◆ YOUR INSTRUCTIONS
Go through the data below and return each line where the string "finally" occurs.

◆ INPUT DATA
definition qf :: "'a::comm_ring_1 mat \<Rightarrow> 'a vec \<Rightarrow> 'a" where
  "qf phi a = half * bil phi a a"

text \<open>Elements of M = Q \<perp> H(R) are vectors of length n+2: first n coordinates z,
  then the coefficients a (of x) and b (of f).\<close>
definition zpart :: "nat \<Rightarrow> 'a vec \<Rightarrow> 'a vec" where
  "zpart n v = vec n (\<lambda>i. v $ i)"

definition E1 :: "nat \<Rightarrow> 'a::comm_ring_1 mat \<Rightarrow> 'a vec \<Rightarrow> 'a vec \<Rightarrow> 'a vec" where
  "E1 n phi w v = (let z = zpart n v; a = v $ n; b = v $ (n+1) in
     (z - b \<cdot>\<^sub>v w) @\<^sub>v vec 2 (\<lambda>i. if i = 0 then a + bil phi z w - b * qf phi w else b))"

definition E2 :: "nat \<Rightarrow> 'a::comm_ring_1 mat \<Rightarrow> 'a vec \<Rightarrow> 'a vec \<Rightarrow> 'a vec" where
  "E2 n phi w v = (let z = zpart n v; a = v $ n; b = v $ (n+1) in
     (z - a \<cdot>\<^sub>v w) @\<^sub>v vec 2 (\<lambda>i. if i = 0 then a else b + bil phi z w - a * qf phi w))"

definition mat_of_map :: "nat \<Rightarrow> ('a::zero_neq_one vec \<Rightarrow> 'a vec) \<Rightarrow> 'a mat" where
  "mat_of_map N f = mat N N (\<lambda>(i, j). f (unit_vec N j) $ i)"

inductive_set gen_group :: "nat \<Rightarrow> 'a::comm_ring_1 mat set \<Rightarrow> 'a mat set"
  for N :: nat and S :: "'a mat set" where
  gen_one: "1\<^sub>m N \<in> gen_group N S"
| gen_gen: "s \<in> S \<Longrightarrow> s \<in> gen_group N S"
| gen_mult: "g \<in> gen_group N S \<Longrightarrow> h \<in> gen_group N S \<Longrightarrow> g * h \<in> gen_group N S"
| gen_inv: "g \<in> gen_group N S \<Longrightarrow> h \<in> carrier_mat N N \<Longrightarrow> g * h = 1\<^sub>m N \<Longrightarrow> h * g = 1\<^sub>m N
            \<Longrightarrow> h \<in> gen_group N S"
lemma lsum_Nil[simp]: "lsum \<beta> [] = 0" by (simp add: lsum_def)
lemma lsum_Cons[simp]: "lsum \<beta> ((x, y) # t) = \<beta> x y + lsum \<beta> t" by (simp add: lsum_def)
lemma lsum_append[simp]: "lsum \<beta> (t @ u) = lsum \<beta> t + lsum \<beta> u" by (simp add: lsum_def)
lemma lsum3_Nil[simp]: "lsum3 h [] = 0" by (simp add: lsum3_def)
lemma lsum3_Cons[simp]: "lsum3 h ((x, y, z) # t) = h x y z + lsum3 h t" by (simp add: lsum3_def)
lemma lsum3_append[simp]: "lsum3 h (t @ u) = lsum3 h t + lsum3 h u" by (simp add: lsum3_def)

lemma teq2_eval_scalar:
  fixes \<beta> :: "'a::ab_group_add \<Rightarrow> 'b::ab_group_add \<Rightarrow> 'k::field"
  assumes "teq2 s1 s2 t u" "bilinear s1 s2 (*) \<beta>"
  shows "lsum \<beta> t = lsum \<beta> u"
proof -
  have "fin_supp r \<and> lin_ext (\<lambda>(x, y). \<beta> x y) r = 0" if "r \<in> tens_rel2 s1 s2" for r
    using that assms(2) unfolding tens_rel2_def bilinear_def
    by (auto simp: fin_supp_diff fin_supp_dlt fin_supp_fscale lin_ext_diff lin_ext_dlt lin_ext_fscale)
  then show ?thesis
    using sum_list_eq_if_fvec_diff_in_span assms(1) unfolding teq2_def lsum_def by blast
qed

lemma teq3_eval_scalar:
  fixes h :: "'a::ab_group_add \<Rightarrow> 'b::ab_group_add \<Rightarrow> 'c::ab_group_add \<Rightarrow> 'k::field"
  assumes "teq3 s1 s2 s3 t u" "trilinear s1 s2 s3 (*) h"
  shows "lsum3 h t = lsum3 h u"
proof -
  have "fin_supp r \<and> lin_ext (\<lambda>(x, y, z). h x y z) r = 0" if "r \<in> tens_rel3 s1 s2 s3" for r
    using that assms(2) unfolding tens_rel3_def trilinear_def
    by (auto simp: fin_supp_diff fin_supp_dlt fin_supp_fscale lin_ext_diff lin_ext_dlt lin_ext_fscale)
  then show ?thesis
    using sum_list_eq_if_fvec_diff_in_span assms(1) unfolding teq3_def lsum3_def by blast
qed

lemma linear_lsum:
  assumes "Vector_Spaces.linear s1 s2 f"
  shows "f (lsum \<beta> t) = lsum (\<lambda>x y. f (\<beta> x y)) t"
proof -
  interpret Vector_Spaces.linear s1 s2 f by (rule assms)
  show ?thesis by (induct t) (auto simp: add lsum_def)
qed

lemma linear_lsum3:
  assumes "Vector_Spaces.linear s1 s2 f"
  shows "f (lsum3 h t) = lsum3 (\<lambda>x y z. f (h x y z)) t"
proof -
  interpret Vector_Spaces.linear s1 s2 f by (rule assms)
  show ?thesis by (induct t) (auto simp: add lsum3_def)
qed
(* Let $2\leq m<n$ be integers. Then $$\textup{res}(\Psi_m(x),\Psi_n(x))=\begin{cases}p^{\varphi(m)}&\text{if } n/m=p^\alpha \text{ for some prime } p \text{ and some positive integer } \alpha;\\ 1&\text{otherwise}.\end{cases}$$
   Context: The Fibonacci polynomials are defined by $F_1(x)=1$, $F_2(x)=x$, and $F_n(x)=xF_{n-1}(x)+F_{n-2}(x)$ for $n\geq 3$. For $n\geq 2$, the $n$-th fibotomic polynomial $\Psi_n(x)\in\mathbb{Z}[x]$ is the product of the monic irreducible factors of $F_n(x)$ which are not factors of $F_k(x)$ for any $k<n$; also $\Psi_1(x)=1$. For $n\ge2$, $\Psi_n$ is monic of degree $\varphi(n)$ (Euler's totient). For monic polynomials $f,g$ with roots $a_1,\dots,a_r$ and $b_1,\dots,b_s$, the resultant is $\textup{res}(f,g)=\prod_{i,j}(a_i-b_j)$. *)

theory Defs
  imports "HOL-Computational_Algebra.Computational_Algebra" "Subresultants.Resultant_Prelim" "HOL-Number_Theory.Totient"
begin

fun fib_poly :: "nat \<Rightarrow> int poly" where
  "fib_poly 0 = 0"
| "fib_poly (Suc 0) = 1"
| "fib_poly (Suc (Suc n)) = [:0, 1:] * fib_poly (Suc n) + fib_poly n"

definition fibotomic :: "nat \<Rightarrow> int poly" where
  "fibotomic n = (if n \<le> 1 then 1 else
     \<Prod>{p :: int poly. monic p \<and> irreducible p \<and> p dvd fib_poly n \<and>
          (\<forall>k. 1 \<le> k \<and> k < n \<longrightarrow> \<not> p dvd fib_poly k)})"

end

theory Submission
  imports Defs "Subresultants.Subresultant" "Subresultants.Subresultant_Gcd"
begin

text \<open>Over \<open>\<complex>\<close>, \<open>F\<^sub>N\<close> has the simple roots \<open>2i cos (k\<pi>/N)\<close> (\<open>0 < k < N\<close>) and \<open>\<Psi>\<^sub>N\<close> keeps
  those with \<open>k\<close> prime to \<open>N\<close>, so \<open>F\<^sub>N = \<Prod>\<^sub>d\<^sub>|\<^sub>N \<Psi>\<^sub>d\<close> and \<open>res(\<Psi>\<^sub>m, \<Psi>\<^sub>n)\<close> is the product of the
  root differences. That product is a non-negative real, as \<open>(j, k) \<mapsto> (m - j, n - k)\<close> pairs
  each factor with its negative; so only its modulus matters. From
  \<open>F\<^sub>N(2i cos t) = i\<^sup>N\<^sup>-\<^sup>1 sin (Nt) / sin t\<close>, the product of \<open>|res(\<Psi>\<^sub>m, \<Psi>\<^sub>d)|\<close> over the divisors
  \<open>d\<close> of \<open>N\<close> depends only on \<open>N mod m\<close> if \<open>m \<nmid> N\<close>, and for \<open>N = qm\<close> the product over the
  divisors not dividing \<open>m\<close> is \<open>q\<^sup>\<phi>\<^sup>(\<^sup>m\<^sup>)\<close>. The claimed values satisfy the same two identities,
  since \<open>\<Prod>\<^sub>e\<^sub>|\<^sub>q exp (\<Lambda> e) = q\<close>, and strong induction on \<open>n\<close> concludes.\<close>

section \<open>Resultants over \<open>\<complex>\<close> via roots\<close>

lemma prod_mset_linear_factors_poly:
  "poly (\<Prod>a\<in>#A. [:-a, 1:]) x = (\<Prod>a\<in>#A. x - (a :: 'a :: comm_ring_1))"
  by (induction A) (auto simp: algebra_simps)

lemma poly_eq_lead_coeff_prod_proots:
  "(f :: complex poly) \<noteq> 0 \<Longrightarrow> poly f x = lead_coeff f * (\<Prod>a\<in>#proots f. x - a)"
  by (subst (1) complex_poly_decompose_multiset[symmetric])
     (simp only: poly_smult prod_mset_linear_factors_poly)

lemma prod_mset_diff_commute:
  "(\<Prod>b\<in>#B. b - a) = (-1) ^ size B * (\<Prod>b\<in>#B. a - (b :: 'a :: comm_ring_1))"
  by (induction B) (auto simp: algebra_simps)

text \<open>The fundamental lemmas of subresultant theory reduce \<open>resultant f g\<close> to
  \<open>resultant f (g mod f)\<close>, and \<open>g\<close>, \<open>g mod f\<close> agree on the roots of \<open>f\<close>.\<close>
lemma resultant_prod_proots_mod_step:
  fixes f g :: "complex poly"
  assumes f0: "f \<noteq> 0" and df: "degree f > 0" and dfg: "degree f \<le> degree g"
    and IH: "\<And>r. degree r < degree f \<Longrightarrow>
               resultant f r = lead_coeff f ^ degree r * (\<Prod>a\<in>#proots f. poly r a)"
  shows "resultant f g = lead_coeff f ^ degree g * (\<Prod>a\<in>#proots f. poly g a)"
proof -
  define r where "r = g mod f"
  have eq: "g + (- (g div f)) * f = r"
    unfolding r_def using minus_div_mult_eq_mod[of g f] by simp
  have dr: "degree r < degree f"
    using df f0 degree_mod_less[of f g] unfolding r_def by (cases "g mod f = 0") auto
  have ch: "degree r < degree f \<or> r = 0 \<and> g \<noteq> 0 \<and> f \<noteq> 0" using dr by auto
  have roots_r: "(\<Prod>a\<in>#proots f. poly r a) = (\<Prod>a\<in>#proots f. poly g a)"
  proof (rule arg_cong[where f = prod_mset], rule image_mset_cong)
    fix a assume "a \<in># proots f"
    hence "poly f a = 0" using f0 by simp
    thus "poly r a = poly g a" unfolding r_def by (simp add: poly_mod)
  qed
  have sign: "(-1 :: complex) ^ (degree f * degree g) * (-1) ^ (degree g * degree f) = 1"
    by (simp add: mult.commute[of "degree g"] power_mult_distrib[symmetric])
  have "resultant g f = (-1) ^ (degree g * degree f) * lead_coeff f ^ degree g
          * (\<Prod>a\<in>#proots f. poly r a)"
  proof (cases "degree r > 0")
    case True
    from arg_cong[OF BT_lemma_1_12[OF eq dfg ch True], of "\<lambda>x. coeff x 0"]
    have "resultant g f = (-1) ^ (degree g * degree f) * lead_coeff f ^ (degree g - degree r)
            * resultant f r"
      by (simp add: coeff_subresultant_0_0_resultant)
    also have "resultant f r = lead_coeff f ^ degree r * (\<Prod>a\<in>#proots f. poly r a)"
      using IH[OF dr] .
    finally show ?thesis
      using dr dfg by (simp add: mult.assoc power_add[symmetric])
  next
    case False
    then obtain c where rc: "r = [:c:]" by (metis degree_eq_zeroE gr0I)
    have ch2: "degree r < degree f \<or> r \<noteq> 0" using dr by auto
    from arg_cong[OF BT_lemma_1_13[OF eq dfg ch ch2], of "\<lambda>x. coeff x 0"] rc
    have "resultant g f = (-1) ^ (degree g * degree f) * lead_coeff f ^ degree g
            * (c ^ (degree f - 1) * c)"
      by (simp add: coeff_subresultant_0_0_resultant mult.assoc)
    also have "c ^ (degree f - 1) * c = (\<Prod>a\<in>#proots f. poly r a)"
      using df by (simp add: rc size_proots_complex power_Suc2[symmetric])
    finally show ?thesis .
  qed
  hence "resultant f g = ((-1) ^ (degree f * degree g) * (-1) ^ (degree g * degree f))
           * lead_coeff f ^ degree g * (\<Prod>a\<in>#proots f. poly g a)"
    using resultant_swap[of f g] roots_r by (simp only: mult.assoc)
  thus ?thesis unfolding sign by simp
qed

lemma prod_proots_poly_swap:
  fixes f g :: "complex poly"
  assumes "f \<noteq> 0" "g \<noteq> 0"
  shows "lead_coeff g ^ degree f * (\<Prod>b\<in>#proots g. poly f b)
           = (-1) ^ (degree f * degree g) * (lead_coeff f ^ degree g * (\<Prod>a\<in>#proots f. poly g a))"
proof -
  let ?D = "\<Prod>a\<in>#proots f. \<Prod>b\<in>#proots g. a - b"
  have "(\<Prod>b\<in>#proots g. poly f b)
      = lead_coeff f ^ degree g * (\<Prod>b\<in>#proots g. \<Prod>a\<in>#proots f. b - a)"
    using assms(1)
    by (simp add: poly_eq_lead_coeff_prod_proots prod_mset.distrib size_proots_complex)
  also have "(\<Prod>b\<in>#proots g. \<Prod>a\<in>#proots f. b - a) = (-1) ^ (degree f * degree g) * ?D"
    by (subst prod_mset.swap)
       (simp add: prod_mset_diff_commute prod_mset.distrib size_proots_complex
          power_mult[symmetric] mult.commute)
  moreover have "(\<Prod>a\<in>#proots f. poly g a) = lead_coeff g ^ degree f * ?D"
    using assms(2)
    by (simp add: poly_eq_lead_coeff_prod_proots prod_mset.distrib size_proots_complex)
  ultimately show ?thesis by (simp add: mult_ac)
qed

◆ TASK OUTPUT
    finally show ?thesis
    finally show ?thesis .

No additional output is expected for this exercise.